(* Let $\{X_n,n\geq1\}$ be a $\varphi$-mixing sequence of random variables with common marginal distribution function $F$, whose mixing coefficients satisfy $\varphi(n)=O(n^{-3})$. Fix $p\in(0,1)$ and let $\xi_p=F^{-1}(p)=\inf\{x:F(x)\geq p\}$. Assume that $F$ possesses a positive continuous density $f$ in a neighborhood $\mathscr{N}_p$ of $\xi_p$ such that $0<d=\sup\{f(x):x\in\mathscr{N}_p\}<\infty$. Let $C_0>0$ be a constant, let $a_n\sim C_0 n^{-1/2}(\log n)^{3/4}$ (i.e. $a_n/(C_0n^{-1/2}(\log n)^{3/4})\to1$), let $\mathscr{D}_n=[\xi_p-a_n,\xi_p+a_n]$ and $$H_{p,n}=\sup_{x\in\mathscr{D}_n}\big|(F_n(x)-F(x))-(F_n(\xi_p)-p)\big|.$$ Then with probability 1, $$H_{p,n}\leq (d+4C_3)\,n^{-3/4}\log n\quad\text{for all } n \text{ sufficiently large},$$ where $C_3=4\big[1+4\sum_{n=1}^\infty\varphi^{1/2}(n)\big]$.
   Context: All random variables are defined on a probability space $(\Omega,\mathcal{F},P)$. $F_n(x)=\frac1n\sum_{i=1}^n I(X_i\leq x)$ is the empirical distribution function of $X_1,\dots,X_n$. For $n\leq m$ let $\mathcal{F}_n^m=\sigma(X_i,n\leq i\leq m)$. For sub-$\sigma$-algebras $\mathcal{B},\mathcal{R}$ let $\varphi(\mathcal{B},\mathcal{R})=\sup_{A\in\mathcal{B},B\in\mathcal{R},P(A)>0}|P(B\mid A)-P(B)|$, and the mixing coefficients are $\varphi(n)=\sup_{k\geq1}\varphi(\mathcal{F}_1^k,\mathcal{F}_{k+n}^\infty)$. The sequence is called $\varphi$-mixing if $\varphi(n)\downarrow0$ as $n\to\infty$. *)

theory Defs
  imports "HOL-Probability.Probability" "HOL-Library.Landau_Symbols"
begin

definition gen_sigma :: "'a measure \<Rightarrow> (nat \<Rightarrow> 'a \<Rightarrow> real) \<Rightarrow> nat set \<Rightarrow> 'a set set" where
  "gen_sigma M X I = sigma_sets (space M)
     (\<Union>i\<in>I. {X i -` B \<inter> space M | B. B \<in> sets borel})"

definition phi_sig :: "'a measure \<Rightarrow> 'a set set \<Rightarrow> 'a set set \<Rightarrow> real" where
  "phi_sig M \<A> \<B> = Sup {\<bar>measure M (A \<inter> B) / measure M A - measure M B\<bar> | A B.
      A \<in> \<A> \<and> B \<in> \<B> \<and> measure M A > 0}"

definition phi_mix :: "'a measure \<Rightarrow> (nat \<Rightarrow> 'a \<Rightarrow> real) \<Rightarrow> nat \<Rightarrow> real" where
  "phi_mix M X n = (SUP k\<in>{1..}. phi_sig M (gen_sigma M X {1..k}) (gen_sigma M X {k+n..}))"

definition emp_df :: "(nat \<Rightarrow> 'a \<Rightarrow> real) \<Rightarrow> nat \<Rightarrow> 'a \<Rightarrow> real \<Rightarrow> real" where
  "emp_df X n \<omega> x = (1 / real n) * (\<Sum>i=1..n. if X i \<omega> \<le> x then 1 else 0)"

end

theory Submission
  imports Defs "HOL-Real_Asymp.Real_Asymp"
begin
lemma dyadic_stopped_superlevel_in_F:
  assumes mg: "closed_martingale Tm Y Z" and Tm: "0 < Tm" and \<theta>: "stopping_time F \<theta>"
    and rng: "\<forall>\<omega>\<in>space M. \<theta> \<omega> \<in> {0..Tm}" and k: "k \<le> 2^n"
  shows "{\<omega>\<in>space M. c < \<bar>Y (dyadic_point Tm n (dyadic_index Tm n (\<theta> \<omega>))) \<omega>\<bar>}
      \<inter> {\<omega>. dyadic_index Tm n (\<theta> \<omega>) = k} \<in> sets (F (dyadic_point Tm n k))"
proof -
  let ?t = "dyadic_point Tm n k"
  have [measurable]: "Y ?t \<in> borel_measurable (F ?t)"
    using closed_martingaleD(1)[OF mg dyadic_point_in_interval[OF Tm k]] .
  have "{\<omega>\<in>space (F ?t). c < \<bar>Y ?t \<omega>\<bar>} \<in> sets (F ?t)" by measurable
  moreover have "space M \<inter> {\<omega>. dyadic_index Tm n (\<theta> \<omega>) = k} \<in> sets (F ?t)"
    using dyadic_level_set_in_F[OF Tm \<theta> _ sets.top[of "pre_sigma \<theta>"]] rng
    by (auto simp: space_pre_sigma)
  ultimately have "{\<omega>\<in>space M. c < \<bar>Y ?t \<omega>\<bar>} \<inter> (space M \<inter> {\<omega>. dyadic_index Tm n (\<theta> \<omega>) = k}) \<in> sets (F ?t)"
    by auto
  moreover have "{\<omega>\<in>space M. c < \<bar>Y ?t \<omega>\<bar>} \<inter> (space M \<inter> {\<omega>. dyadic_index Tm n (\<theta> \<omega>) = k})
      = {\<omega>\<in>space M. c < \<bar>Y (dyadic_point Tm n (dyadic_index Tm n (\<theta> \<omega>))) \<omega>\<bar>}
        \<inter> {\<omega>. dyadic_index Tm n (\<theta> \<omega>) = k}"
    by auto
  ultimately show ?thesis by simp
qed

○ ○ ○ ○ ○ ○ ○

DESCRIPTION OF THE TASK: Report only a number, the count of lines in the listing that contain the word "Rightarrow".

ANSWER TO THIS EXERCISE: 4